What are your future plans for DaniWeb?
I'm not quite sure. I've been dealing with a lot of health issues ever since 2020, and then in 2023 I was diagnosed with terminal cancer. I've spent all of 2020, part of 2021, all of 2023, and the majority of 2024 completely bed-bound and unable to spend time on the computer.
As a result of that, combined with being hacked in 2015 that landed our database and entire mailing list on the black market, and a poor feature launch that made no one able to log in for about a month and a half in 2016, DaniWeb has really, really, really suffered.
We barely get any traffic or posts anymore, and, as of 2022, can't even afford to pay our hosting bills. It's a mess! That's what brought me to Forum Promotion, actually. I've been feeling better this past week or two (I really hope this trend continues!) and want to do everything I can to try to revive DaniWeb. I know it's an uphill battle, because it's like starting from fresh. As you guys know, it's much harder to start a forum in 2025 than it was in 2002! I'm not sure if DaniWeb has a future if I can't figure something out quick.
What's the secret of DaniWeb lasting for so long?
And do you see it go on for another ten years?
I know this is cliche, but it was being at the right place and the right time.

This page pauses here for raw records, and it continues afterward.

lemma TVp_le_lipschitz_const_enorm:
  assumes n: "n \<ge> 2" and p: "p \<ge> 1"
  shows "TVp n p x \<le> TVp_lipschitz_const n p * enorm n x"
proof -
  define d where "d i = \<bar>x i - x (i - 1)\<bar>" for i
  define C where "C = (if p < 2 then real n powr (1/p - 1/2) else 1)"
  have TVp_d: "TVp n p x = (\<Sum>i\<in>{1..<n}. d i powr p) powr (1/p)"
    by (simp add: TVp_def d_def)
  have "TVp n p x \<le> C * L2_set d {1..<n}"
  proof (cases "p < 2")
    case True
    have "TVp n p x \<le> real (card {1..<n}) powr (1/p - 1/2) * L2_set d {1..<n}"
      unfolding TVp_d using n p True by (intro powr_sum_root_le_card_powr_L2_set) (auto simp: d_def)
    also have "\<dots> \<le> real n powr (1/p - 1/2) * L2_set d {1..<n}"
      using True p n by (intro mult_right_mono powr_mono2) (auto simp: divide_simps)
    finally show ?thesis
      using True by (simp add: C_def)
  next
    case False
    then have "(\<Sum>i\<in>{1..<n}. d i powr p) powr (1/p) \<le> L2_set d {1..<n}"
      by (intro powr_sum_root_le_L2_set) (auto simp: d_def)
    then show ?thesis
      using False by (simp add: TVp_d C_def)
  qed
  also have "L2_set d {1..<n} = L2_set (\<lambda>i. x i - x (i - 1)) {1..<n}"
    by (simp add: d_def L2_set_def)
  also have "C * \<dots> \<le> C * (2 * sin (pi * (real n - 1) / (2 * real n)) * enorm n x)"
    unfolding C_def by (intro mult_left_mono L2_set_diff_le_enorm n) simp
  also have "\<dots> = TVp_lipschitz_const n p * enorm n x"
    by (simp add: TVp_lipschitz_const_def C_def)
  finally show ?thesis .
qed

lemma TVp_shift_midpoint_convex:
  assumes p: "p \<ge> 1"
  shows "TVp n p (\<lambda>i. xk i + (u i + v i) / 2)
    \<le> (TVp n p (\<lambda>i. xk i + u i) + TVp n p (\<lambda>i. xk i + v i)) / 2"
proof -
  have p_pos: "p > 0"
    using p by simp
  have "TVp n p (\<lambda>i. xk i + (u i + v i) / 2)
      = TVp n p (\<lambda>i. 1/2 * (xk i + u i) + 1/2 * (xk i + v i))"
    by (simp add: algebra_simps add_divide_distrib)
  also have "\<dots> \<le> TVp n p (\<lambda>i. 1/2 * (xk i + u i)) + TVp n p (\<lambda>i. 1/2 * (xk i + v i))"
    using p by (rule TVp_triangle)
  also have "\<dots> = (TVp n p (\<lambda>i. xk i + u i) + TVp n p (\<lambda>i. xk i + v i)) / 2"
    using p unfolding TVp_scale[OF p_pos] by simp
  finally show ?thesis .
qed
(* Let $F=L-N:X\to Y$ satisfy hypothesis (H), and suppose that for every $u\in X$ the limit $\lim_{t\to+\infty}PN(tu)/t=N_\infty(u)$ exists in $Y$. Then there exist $w_+,w_-\in H_X$ such that for every $z\in H_Y$, $$\lim_{t\to+\infty}\Big\|\frac{w(z,t)}{t}-w_+\Big\|_X=0,\qquad \lim_{t\to-\infty}\Big\|\frac{w(z,t)}{t}-w_-\Big\|_X=0,$$ and $w_+$, $w_-$ are respectively the unique solutions $w\in H_X$ of the equations $Lw-PN_\infty(w+\phi_p)=0$ and $Lw+PN_\infty(-w-\phi_p)=0$.
   Context: Let $X,Y$ be real Hilbert spaces, $X$ densely included in $Y$, and let $L:X\subset Y\to Y$ be a self-adjoint operator, $X$ carrying the graph norm. Let $\lambda_p$ be a simple isolated eigenvalue of $L$ with eigenvector $\phi_p\in X$, $\|\phi_p\|_Y=1$. Let $V_X=V_Y=\langle\phi_p\rangle$ be its real span, $H_Y=\{y\in Y:\langle y,\phi_p\rangle_Y=0\}$, $H_X=X\cap H_Y$, and $P:Y\to H_Y$ the orthogonal projection. Let $N:Y\to Y$, $F=L-N:X\to Y$, and for $t\in\mathbb{R}$ let $PN_t:H_Y\to H_Y$, $PN_t(w)=PN(w+t\phi_p)$, and $PF_t:H_X\to H_Y$, $PF_t(w)=PF(w+t\phi_p)$. Hypothesis (H): there is $n\ge0$ such that every $PN_t$ is Lipschitz with constant $n$ independent of $t$, and $[-n,n]\cap\sigma(L)=\{\lambda_p\}$. Under (H) each $PF_t$ is a homeomorphism; for $z\in H_Y$, $t\in\mathbb{R}$ let $w(z,t)=(PF_t)^{-1}(z)$, so the fiber associated to $z$ is $\{w(z,t)+t\phi_p:t\in\mathbb{R}\}=F^{-1}(z+V_Y)$. *)

theory Defs
  imports "HOL-Analysis.Analysis"
begin

text \<open>The Hilbert space Y is a type of class real_inner and complete_space.
  The operator L is a function on Y considered only on its domain D (the space X).\<close>

definition linear_on :: "'a::real_vector set \<Rightarrow> ('a \<Rightarrow> 'a) \<Rightarrow> bool" where
  "linear_on D L \<longleftrightarrow> (\<forall>u\<in>D. \<forall>v\<in>D. \<forall>c::real.
      L (u + v) = L u + L v \<and> L (c *\<^sub>R u) = c *\<^sub>R L u)"

text \<open>Densely defined self-adjoint operator (L = L*): the domain of the adjoint is
  the set of v for which u \<mapsto> <Lu,v> is represented on D by some f, and equals D;
  on D the adjoint agrees with L.\<close>
definition self_adjoint_op :: "'a::{real_inner,complete_space} set \<Rightarrow> ('a \<Rightarrow> 'a) \<Rightarrow> bool" where
  "self_adjoint_op D L \<longleftrightarrow>
     subspace D \<and> closure D = UNIV \<and> linear_on D L \<and>
     (\<forall>v. v \<in> D \<longleftrightarrow> (\<exists>f. \<forall>u\<in>D. inner (L u) v = inner u f)) \<and>
     (\<forall>u\<in>D. \<forall>v\<in>D. inner (L u) v = inner u (L v))"

definition graph_norm :: "('a::real_normed_vector \<Rightarrow> 'a) \<Rightarrow> 'a \<Rightarrow> real" where
  "graph_norm L u = sqrt ((norm u)\<^sup>2 + (norm (L u))\<^sup>2)"

definition op_spectrum :: "'a::real_normed_vector set \<Rightarrow> ('a \<Rightarrow> 'a) \<Rightarrow> real set" where
  "op_spectrum D L = {mu. \<not> (bij_betw (\<lambda>u. L u - mu *\<^sub>R u) D UNIV \<and>
       (\<exists>C. \<forall>u\<in>D. norm u \<le> C * norm (L u - mu *\<^sub>R u)))}"

definition simple_isolated_eigen ::
  "'a::real_inner set \<Rightarrow> ('a \<Rightarrow> 'a) \<Rightarrow> real \<Rightarrow> 'a \<Rightarrow> bool" where
  "simple_isolated_eigen D L lam phi \<longleftrightarrow>
     phi \<in> D \<and> norm phi = 1 \<and> L phi = lam *\<^sub>R phi \<and>
     (\<forall>u\<in>D. L u = lam *\<^sub>R u \<longrightarrow> (\<exists>c. u = c *\<^sub>R phi)) \<and>
     (\<exists>e>0. op_spectrum D L \<inter> {lam - e <..< lam + e} = {lam})"

definition projH :: "'a::real_inner \<Rightarrow> 'a \<Rightarrow> 'a" where
  "projH phi y = y - inner y phi *\<^sub>R phi"

definition HY :: "'a::real_inner \<Rightarrow> 'a set" where
  "HY phi = {y. inner y phi = 0}"

definition HX :: "'a::real_inner set \<Rightarrow> 'a \<Rightarrow> 'a set" where
  "HX D phi = D \<inter> HY phi"

definition hyp_H :: "'a::{real_inner,complete_space} set \<Rightarrow> ('a \<Rightarrow> 'a) \<Rightarrow> ('a \<Rightarrow> 'a)
    \<Rightarrow> real \<Rightarrow> 'a \<Rightarrow> bool" where
  "hyp_H D L N lam phi \<longleftrightarrow> (\<exists>n::real. n \<ge> 0 \<and>
     (\<forall>t::real. \<forall>w1\<in>HY phi. \<forall>w2\<in>HY phi.
        norm (projH phi (N (w1 + t *\<^sub>R phi)) - projH phi (N (w2 + t *\<^sub>R phi))) \<le> n * norm (w1 - w2)) \<and>
     {-n..n} \<inter> op_spectrum D L = {lam})"

definition fiber_w :: "'a::real_inner set \<Rightarrow> ('a \<Rightarrow> 'a) \<Rightarrow> ('a \<Rightarrow> 'a) \<Rightarrow> 'a \<Rightarrow> 'a \<Rightarrow> real \<Rightarrow> 'a" where
  "fiber_w D L N phi z t = (THE w. w \<in> HX D phi \<and>
      projH phi (L (w + t *\<^sub>R phi) - N (w + t *\<^sub>R phi)) = z)"

end

theory Submission
  imports Defs
begin

text \<open>The restriction of \<open>L\<close> to \<open>HX\<close> is invertible onto \<open>HY\<close>, and the hypothesis on the
  spectrum gives \<open>c * norm u \<le> norm (L u)\<close> on \<open>HX\<close> for some \<open>c > n\<close>: the inverse is a bounded
  symmetric operator, its norm is attained as an approximate eigenvalue, and the reciprocal of that
  approximate eigenvalue lies in the spectrum of \<open>L\<close> but is not \<open>lam\<close> (on \<open>HY\<close> the resolvent
  has no pole at the isolated eigenvalue \<open>lam\<close>). Hence the contraction principle solves
  \<open>L w - P N(w + t phi) = z\<close> uniquely, and likewise the profile equation
  \<open>L w - P N\<^sub>\<infinity>(w + phi) = 0\<close>, whose nonlinearity inherits the Lipschitz constant \<open>n\<close>.
  Dividing the fiber equation by \<open>t\<close> shows that \<open>w(z,t)/t\<close> solves the profile equation up to an
  error tending to \<open>0\<close>, which forces convergence to its solution in the graph norm. The limit
  \<open>t \<rightarrow> -\<infinity>\<close> is the limit \<open>t \<rightarrow> \<infinity>\<close> for the reflected nonlinearity \<open>x \<mapsto> - N (- x)\<close>.\<close>

section \<open>Approximate eigenvalues of bounded symmetric operators\<close>

definition approx_eigenvalue :: "'a::real_normed_vector set \<Rightarrow> ('a \<Rightarrow> 'a) \<Rightarrow> real \<Rightarrow> bool" where
  "approx_eigenvalue S B \<mu> \<longleftrightarrow> (\<forall>\<epsilon>>0. \<exists>x\<in>S. norm x = 1 \<and> norm (B x - \<mu> *\<^sub>R x) < \<epsilon>)"

lemma approx_eigenvalue_disj:
  assumes "\<And>\<epsilon>. \<epsilon> > 0 \<Longrightarrow> (\<exists>x\<in>S. norm x = 1 \<and> norm (B x - a *\<^sub>R x) < \<epsilon>) \<or>
                             (\<exists>x\<in>S. norm x = 1 \<and> norm (B x - b *\<^sub>R x) < \<epsilon>)"
  shows "approx_eigenvalue S B a \<or> approx_eigenvalue S B b"
proof (rule ccontr)
  assume "\<not> ?thesis"
  then obtain e1 e2 where "e1 > 0" "e2 > 0"
    and "\<forall>x\<in>S. norm x = 1 \<longrightarrow> norm (B x - a *\<^sub>R x) \<ge> e1"
    and "\<forall>x\<in>S. norm x = 1 \<longrightarrow> norm (B x - b *\<^sub>R x) \<ge> e2"
    unfolding approx_eigenvalue_def by (auto simp: not_less)
  then show False using assms[of "min e1 e2"] by fastforce
qed

lemma normalized_approx_eigenvector:
  assumes "\<And>c. B (c *\<^sub>R x) = c *\<^sub>R B x" and "\<And>c. c *\<^sub>R x \<in> S"
    and "x \<noteq> 0" and "norm (B x - \<mu> *\<^sub>R x) < \<delta> * norm x"
  shows "\<exists>u\<in>S. norm u = 1 \<and> norm (B u - \<mu> *\<^sub>R u) < \<delta>"
proof -
  let ?u = "(1 / norm x) *\<^sub>R x"
  have "B ?u - \<mu> *\<^sub>R ?u = (1 / norm x) *\<^sub>R (B x - \<mu> *\<^sub>R x)"
    using assms(1) by (simp add: algebra_simps)
  then have "norm (B ?u - \<mu> *\<^sub>R ?u) = norm (B x - \<mu> *\<^sub>R x) / norm x" by simp
  also have "\<dots> < \<delta>" using assms(3,4) by (simp add: divide_simps)
  finally have "norm (B ?u - \<mu> *\<^sub>R ?u) < \<delta>" .
  moreover have "?u \<in> S" "norm ?u = 1" using assms(2,3) by auto
  ultimately show ?thesis by blast
qed

lemma norm_diff_scaleR_power2:
  fixes a b :: "'a::real_inner"
  shows "norm (a - c *\<^sub>R b) ^ 2 = norm a ^ 2 - 2 * c * inner a b + c^2 * norm b ^ 2"
  unfolding power2_norm_eq_inner
  by (simp add: inner_diff_left inner_diff_right inner_commute power2_eq_square algebra_simps)

definition symmetric_on :: "'a::real_inner set \<Rightarrow> ('a \<Rightarrow> 'a) \<Rightarrow> bool" where
  "symmetric_on S B \<longleftrightarrow> (\<forall>x\<in>S. \<forall>y\<in>S. inner (B x) y = inner x (B y))"

lemma symmetric_square_defect:
  fixes B :: "'a::real_inner \<Rightarrow> 'a"
  assumes "symmetric_on S B" and "B ` S \<subseteq> S" and bound: "\<forall>y\<in>S. norm (B y) \<le> M * norm y"
    and x: "x \<in> S" "norm x = 1"
  shows "norm (B (B x) - M\<^sup>2 *\<^sub>R x) ^ 2 \<le> M\<^sup>2 * (M\<^sup>2 - norm (B x) ^ 2)"
proof -
  have Bx: "B x \<in> S" using assms(2) x(1) by blast
  have "norm (B (B x)) \<le> M * norm (B x)" using bound Bx by blast
  then have BBx: "norm (B (B x)) ^ 2 \<le> M\<^sup>2 * norm (B x) ^ 2"
    by (metis norm_ge_zero power_mono power_mult_distrib)
  have "inner (B (B x)) x = norm (B x) ^ 2"
    using assms(1) Bx x(1) unfolding symmetric_on_def by (simp add: power2_norm_eq_inner)
  then have "norm (B (B x) - M\<^sup>2 *\<^sub>R x) ^ 2 = norm (B (B x)) ^ 2 - 2 * M\<^sup>2 * norm (B x) ^ 2 + M\<^sup>2 * M\<^sup>2"
    using norm_diff_scaleR_power2[of "B (B x)" "M\<^sup>2" x] x(2) by (simp add: power2_eq_square)
  then show ?thesis using BBx by (simp add: algebra_simps)
qed

lemma linear_onD:
  assumes "linear_on S B" "x \<in> S" "y \<in> S"
  shows "B (x + y) = B x + B y" and "B (c *\<^sub>R x) = c *\<^sub>R B x"
  using assms unfolding linear_on_def by blast+

text \<open>If \<open>norm (B x)\<close> is close to \<open>M\<close> then \<open>x\<close> is almost an eigenvector of \<open>B\<^sup>2\<close> for \<open>M\<^sup>2\<close>;
  hence either \<open>(B + M) x\<close> is small, or it is almost an eigenvector of \<open>B\<close> for \<open>M\<close>.\<close>

lemma symmetric_approx_eigenvalue_norm:
  fixes B :: "'a::real_inner \<Rightarrow> 'a"
  assumes S: "subspace S" and B: "linear_on S B" "B ` S \<subseteq> S" "symmetric_on S B"
    and bound: "\<forall>y\<in>S. norm (B y) \<le> M * norm y" and "M > 0"
    and near: "\<And>\<delta>. \<delta> > 0 \<Longrightarrow> \<exists>x\<in>S. norm x = 1 \<and> M - \<delta> < norm (B x)"
  shows "approx_eigenvalue S B M \<or> approx_eigenvalue S B (- M)"
proof (rule approx_eigenvalue_disj)
  fix \<epsilon> :: real assume e: "\<epsilon> > 0"
  define \<delta> where "\<delta> = min M (\<epsilon>^4 / (2 * M^3 + 1))"
  have pos: "2 * M^3 + 1 > 0" using \<open>M > 0\<close> by (simp add: add_pos_pos)
  then have "\<delta> > 0" unfolding \<delta>_def using \<open>M > 0\<close> e by simp
  then obtain x where x: "x \<in> S" "norm x = 1" "M - \<delta> < norm (B x)" using near by blast
  have "M - \<delta> \<ge> 0" unfolding \<delta>_def by simp
  then have "(M - \<delta>)\<^sup>2 < norm (B x) ^ 2" using x(3) by (simp add: power_strict_mono)
  then have gap: "M\<^sup>2 - norm (B x) ^ 2 < 2 * M * \<delta>"
    by (simp add: power2_eq_square algebra_simps) (smt (verit) zero_le_mult_iff \<open>0 < \<delta>\<close>)
  have "norm (B (B x) - M\<^sup>2 *\<^sub>R x) ^ 2 \<le> M\<^sup>2 * (M\<^sup>2 - norm (B x) ^ 2)"
    using symmetric_square_defect[OF B(3,2) bound x(1,2)] .
  also have "\<dots> \<le> M\<^sup>2 * (2 * M * \<delta>)" using gap \<open>M > 0\<close> by (intro mult_left_mono) auto
  also have "\<dots> = 2 * M^3 * \<delta>" by (simp add: power2_eq_square power3_eq_cube)
  also have "\<dots> \<le> 2 * M^3 * (\<epsilon>^4 / (2 * M^3 + 1))"
    unfolding \<delta>_def using \<open>M > 0\<close> by (intro mult_left_mono) auto
  also have "\<dots> < (\<epsilon>\<^sup>2)\<^sup>2" using \<open>M > 0\<close> e pos by (simp add: divide_simps flip: power_mult)
  finally have small: "norm (B (B x) - M\<^sup>2 *\<^sub>R x) < \<epsilon>\<^sup>2"
    using power2_less_imp_less by fastforce
  define w where "w = B x + M *\<^sub>R x"
  have w: "w \<in> S" unfolding w_def using S B(2) x(1) by (auto intro: subspace_add subspace_scale)
  have "B w - M *\<^sub>R w = B (B x) - M\<^sup>2 *\<^sub>R x"
    unfolding w_def using linear_onD[OF B(1)] B(2) x(1) S
    by (auto simp: algebra_simps power2_eq_square subspace_scale)
  show "(\<exists>x\<in>S. norm x = 1 \<and> norm (B x - M *\<^sub>R x) < \<epsilon>) \<or>
        (\<exists>x\<in>S. norm x = 1 \<and> norm (B x - (- M) *\<^sub>R x) < \<epsilon>)"
  proof (cases "norm w < \<epsilon>")
    case True
    then show ?thesis using x unfolding w_def by auto
  next
    case False
    have "norm (B w - M *\<^sub>R w) < \<epsilon> * norm w"
      using small False e \<open>B w - M *\<^sub>R w = _\<close> by (smt (verit) mult_left_mono power2_eq_square)
    then have "\<exists>u\<in>S. norm u = 1 \<and> norm (B u - M *\<^sub>R u) < \<epsilon>"
      using False e w linear_onD[OF B(1) w w] S
      by (intro normalized_approx_eigenvector) (auto intro: subspace_scale)
    then show ?thesis by blast
  qed
qed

When I started DaniWeb in 2002, it's because, as an innovative college student, I wanted to do something that none of the other big players in the industry (CNET, Ziff Davis, etc.) were doing. They were all treating their online publications as the digital equivalent of their bread-and-butter print publications (PC Magazine, etc.) that put them on the map, essentially creating a different website for each of their print publications, all under the umbrella of a digital conglomerate, and I felt a different approach was necessary.
Basically DaniWeb was founded out of my frustration that there were sooo many niche forums out at the time, and I felt like just to put a website together, I had to use JustLinux.com to learn about the OS, WebHostingTalk.com to learn how to host it, PHPFreaks.com to learn about the php side, DBForums.com for the database side, SitePointForums.com and WebmasterWorld.com for the marketing and SEO. Every community has its own set of rules and nuances, and I wanted to create one unified place where you can learn about all of the technologies you use together in a consistent environment with the same community culture and familiar faces.
The result was that DaniWeb became one of the 100 most popular sites on the web, and no one has heard of CNET anymore.
That strategy paid off for quite awhile. However, when Stack Overflow came onto the scene, everything changed. We no longer had a truly unique offering. Yes, Stack Overflow is strictly Q&A and we are discussion based, but there's always Reddit. We haven't really kept up with the changing times, especially in the last handful of years where my health has really struggled.
I'm not sure I see DaniWeb going for another 10 years. At least, not with a lot of innovation and revamping. We can't ride on the coattails of 20 year old innovation forever.